──────── Records to use

(* Let $U^{(1)},U^{(2)}$ be unitary operators on $\mathbb{C}^2\otimes\mathbb{C}^2$ (first factor the "environment", second the "system"), and define quantum channels on $\mathcal{M}_2(\mathbb{C})$ by $T_j(\rho)=\mathrm{tr}_E\big[U^{(j)}(|0\rangle\langle0|\otimes\rho)U^{(j)\dagger}\big]$ for $j=1,2$, where $\mathrm{tr}_E$ is the partial trace over the first factor, and let $T=\frac12T_1+\frac12T_2$. Let $U_k\in\mathrm{SU}(2)$ and let $|\psi\rangle,|\phi_1\rangle,|\phi_2\rangle\in\mathbb{C}^2$ be unit vectors. Consider five qubits ordered as (ancilla $a$, environment $E$, system $S$, $f_1$, $f_2$) prepared in $|+\rangle|0\rangle|\psi\rangle|\phi_1\rangle|\phi_2\rangle$ with $|+\rangle=\frac{1}{\sqrt2}(|0\rangle+|1\rangle)$, and apply in order: (i) $U_k$ on $S$; (ii) controlled on $a$ being $|1\rangle$, swap qubit $E$ with $f_1$ and qubit $S$ with $f_2$; (iii) $U^{(1)}$ on the pair $(E,S)$ and $U^{(2)}$ on the pair $(f_1,f_2)$ (first listed qubit as first tensor factor); (iv) again, controlled on $a$ being $|1\rangle$, swap $E$ with $f_1$ and $S$ with $f_2$; (v) $U_k^{\dagger}$ on $S$. Then the reduced density matrix of qubit $S$ of the final state (partial trace over $a,E,f_1,f_2$) equals $$U_k^{\dagger}\,T\big(U_k\rho U_k^{\dagger}\big)\,U_k=\tfrac12U_k^{\dagger}T_1(U_k\rho U_k^{\dagger})U_k+\tfrac12U_k^{\dagger}T_2(U_k\rho U_k^{\dagger})U_k,\qquad \rho=|\psi\rangle\langle\psi| .$$
   Context: In the paper, $T_1,T_2$ are specific quasi-extreme single-qubit channels with Stinespring unitaries $U^{(1)},U^{(2)}$ and $T$ is the channel $T_t^{(\theta_k)}$, so that the output is the constituent channel $T_t^{(k)}(\rho)=U_k^{\dagger}T_t^{(\theta_k)}(U_k\rho U_k^\dagger)U_k$; the statement above holds for arbitrary two-qubit unitaries as given. $\{|0\rangle,|1\rangle\}$ is the computational basis. *)

theory Defs
  imports Complex_Main "Jordan_Normal_Form.Schur_Decomposition" "Jordan_Normal_Form.Determinant"
begin

text \<open>Basis index convention for tensor products: index (i,k) of C^m (x) C^n is i*n+k,
  so the first listed factor is the most significant one.\<close>

definition unitary_mat :: "nat \<Rightarrow> complex mat \<Rightarrow> bool" where
  "unitary_mat n U \<longleftrightarrow> U \<in> carrier_mat n n \<and> mat_adjoint U * U = 1\<^sub>m n \<and> U * mat_adjoint U = 1\<^sub>m n"

definition SU2 :: "complex mat \<Rightarrow> bool" where
  "SU2 U \<longleftrightarrow> unitary_mat 2 U \<and> det U = 1"

definition unit_vec2 :: "complex vec \<Rightarrow> bool" where
  "unit_vec2 v \<longleftrightarrow> v \<in> carrier_vec 2 \<and> (\<Sum>i<2. (cmod (v $ i))\<^sup>2) = 1"

definition kron :: "complex mat \<Rightarrow> complex mat \<Rightarrow> complex mat" where
  "kron A B = mat (dim_row A * dim_row B) (dim_col A * dim_col B)
     (\<lambda>(i,j). A $$ (i div dim_row B, j div dim_col B) * B $$ (i mod dim_row B, j mod dim_col B))"

definition kron_vec :: "complex vec \<Rightarrow> complex vec \<Rightarrow> complex vec" where
  "kron_vec v w = vec (dim_vec v * dim_vec w) (\<lambda>i. v $ (i div dim_vec w) * w $ (i mod dim_vec w))"

definition ketbra :: "complex vec \<Rightarrow> complex mat" where
  "ketbra v = mat (dim_vec v) (dim_vec v) (\<lambda>(i,j). v $ i * cnj (v $ j))"

definition ket0 :: "complex vec" where "ket0 = vec 2 (\<lambda>i. if i = 0 then 1 else 0)"
definition ket1 :: "complex vec" where "ket1 = vec 2 (\<lambda>i. if i = 1 then 1 else 0)"
definition ket_plus :: "complex vec" where
  "ket_plus = vec 2 (\<lambda>i. complex_of_real (1 / sqrt 2))"

definition ptr1 :: "nat \<Rightarrow> nat \<Rightarrow> complex mat \<Rightarrow> complex mat" where
  "ptr1 m n A = mat n n (\<lambda>(i,j). \<Sum>k<m. A $$ (k*n + i, k*n + j))"

definition ptr2 :: "nat \<Rightarrow> nat \<Rightarrow> complex mat \<Rightarrow> complex mat" where
  "ptr2 m n A = mat m m (\<lambda>(i,j). \<Sum>l<n. A $$ (i*n + l, j*n + l))"

text \<open>The swap operator on C^n (x) C^n: |x>|y> maps to |y>|x>.\<close>
definition swap_mat :: "nat \<Rightarrow> complex mat" where
  "swap_mat n = mat (n*n) (n*n) (\<lambda>(i,j). if i = (j mod n) * n + j div n then 1 else 0)"

definition stinespring_channel :: "complex mat \<Rightarrow> complex mat \<Rightarrow> complex mat" where
  "stinespring_channel U rho = ptr1 2 2 (U * kron (ketbra ket0) rho * mat_adjoint U)"

text \<open>The five-qubit circuit, qubits ordered (a, E, S, f1, f2).\<close>
definition gate_S :: "complex mat \<Rightarrow> complex mat" where
  "gate_S V = kron (1\<^sub>m 4) (kron V (1\<^sub>m 4))"

definition controlled_swap :: "complex mat" where
  "controlled_swap = kron (ketbra ket0) (1\<^sub>m 16) + kron (ketbra ket1) (swap_mat 4)"

definition circuit :: "complex mat \<Rightarrow> complex mat \<Rightarrow> complex mat \<Rightarrow> complex mat" where
  "circuit U1 U2 Uk =
     gate_S (mat_adjoint Uk) * controlled_swap * kron (1\<^sub>m 2) (kron U1 U2)
       * controlled_swap * gate_S Uk"

definition initial_state :: "complex vec \<Rightarrow> complex vec \<Rightarrow> complex vec \<Rightarrow> complex vec" where
  "initial_state \<psi> \<phi>1 \<phi>2 =
     kron_vec ket_plus (kron_vec ket0 (kron_vec \<psi> (kron_vec \<phi>1 \<phi>2)))"

text \<open>Reduced density matrix of qubit S: trace out (a,E) (dimension 4) and (f1,f2) (dimension 4).\<close>
definition reduced_S :: "complex mat \<Rightarrow> complex mat" where
  "reduced_S R = ptr2 2 4 (ptr1 4 8 R)"

end

theory Submission
  imports Defs
begin

(* After U_k, the ancilla |+> splits the register into two branches. In the |0> branch the pair
   (E,S) meets U1 and the pair (f1,f2) meets U2; in the |1> branch the controlled swaps exchange the
   two pairs around the middle layer, so (E,S) meets U2 instead and is moved back afterwards. With
   x = |0>(U_k psi), y = phi1 phi2 and W = 1 (x) U_k^dagger the final state is therefore
   (|0>(W U1 x)(U2 y) + |1>(W U2 x)(U1 y)) / sqrt 2.
   The branches are orthogonal in the ancilla, so tracing it out gives the equal mixture of the two
   pure branches; tracing out (f1,f2) only contributes the factors |U_j y|^2 = 1, and tracing out E
   turns the branch through U_j into U_k^dagger T_j(U_k rho U_k^dagger) U_k. *)

lemma sum_lessThan_mult_split:
  fixes f :: "nat \<Rightarrow> 'a::comm_monoid_add"
  shows "(\<Sum>k<m*n. f k) = (\<Sum>a<m. \<Sum>b<n. f (a*n+b))"
proof (induction m)
  case 0
  then show ?case by simp
next
  case (Suc m)
  have split: "{..<Suc m * n} = {..<m*n} \<union> {m*n..<m*n+n}" by auto
  have "(\<Sum>k<Suc m*n. f k) = (\<Sum>k<m*n. f k) + (\<Sum>k\<in>{m*n..<m*n+n}. f k)"
    unfolding split by (rule sum.union_disjoint) auto
  also have "(\<Sum>k\<in>{m*n..<m*n+n}. f k) = (\<Sum>b<n. f (m*n+b))"
    using sum.shift_bounds_nat_ivl[of f 0 "m*n" n] by (simp add: add.commute atLeast0LessThan)
  finally show ?case using Suc by simp
qed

────────────────

= What is expected =
Return only the part of the records above that opens with the line containing "(ketbra ket0) rho" and closes with the line containing "The branches are", ends included.

= Answer area =
  "stinespring_channel U rho = ptr1 2 2 (U * kron (ketbra ket0) rho * mat_adjoint U)"

text \<open>The five-qubit circuit, qubits ordered (a, E, S, f1, f2).\<close>
definition gate_S :: "complex mat \<Rightarrow> complex mat" where
  "gate_S V = kron (1\<^sub>m 4) (kron V (1\<^sub>m 4))"

definition controlled_swap :: "complex mat" where
  "controlled_swap = kron (ketbra ket0) (1\<^sub>m 16) + kron (ketbra ket1) (swap_mat 4)"

definition circuit :: "complex mat \<Rightarrow> complex mat \<Rightarrow> complex mat \<Rightarrow> complex mat" where
  "circuit U1 U2 Uk =
     gate_S (mat_adjoint Uk) * controlled_swap * kron (1\<^sub>m 2) (kron U1 U2)
       * controlled_swap * gate_S Uk"

definition initial_state :: "complex vec \<Rightarrow> complex vec \<Rightarrow> complex vec \<Rightarrow> complex vec" where
  "initial_state \<psi> \<phi>1 \<phi>2 =
     kron_vec ket_plus (kron_vec ket0 (kron_vec \<psi> (kron_vec \<phi>1 \<phi>2)))"

text \<open>Reduced density matrix of qubit S: trace out (a,E) (dimension 4) and (f1,f2) (dimension 4).\<close>
definition reduced_S :: "complex mat \<Rightarrow> complex mat" where
  "reduced_S R = ptr2 2 4 (ptr1 4 8 R)"

end

theory Submission
  imports Defs
begin

(* After U_k, the ancilla |+> splits the register into two branches. In the |0> branch the pair
   (E,S) meets U1 and the pair (f1,f2) meets U2; in the |1> branch the controlled swaps exchange the
   two pairs around the middle layer, so (E,S) meets U2 instead and is moved back afterwards. With
   x = |0>(U_k psi), y = phi1 phi2 and W = 1 (x) U_k^dagger the final state is therefore
   (|0>(W U1 x)(U2 y) + |1>(W U2 x)(U1 y)) / sqrt 2.
   The branches are orthogonal in the ancilla, so tracing it out gives the equal mixture of the two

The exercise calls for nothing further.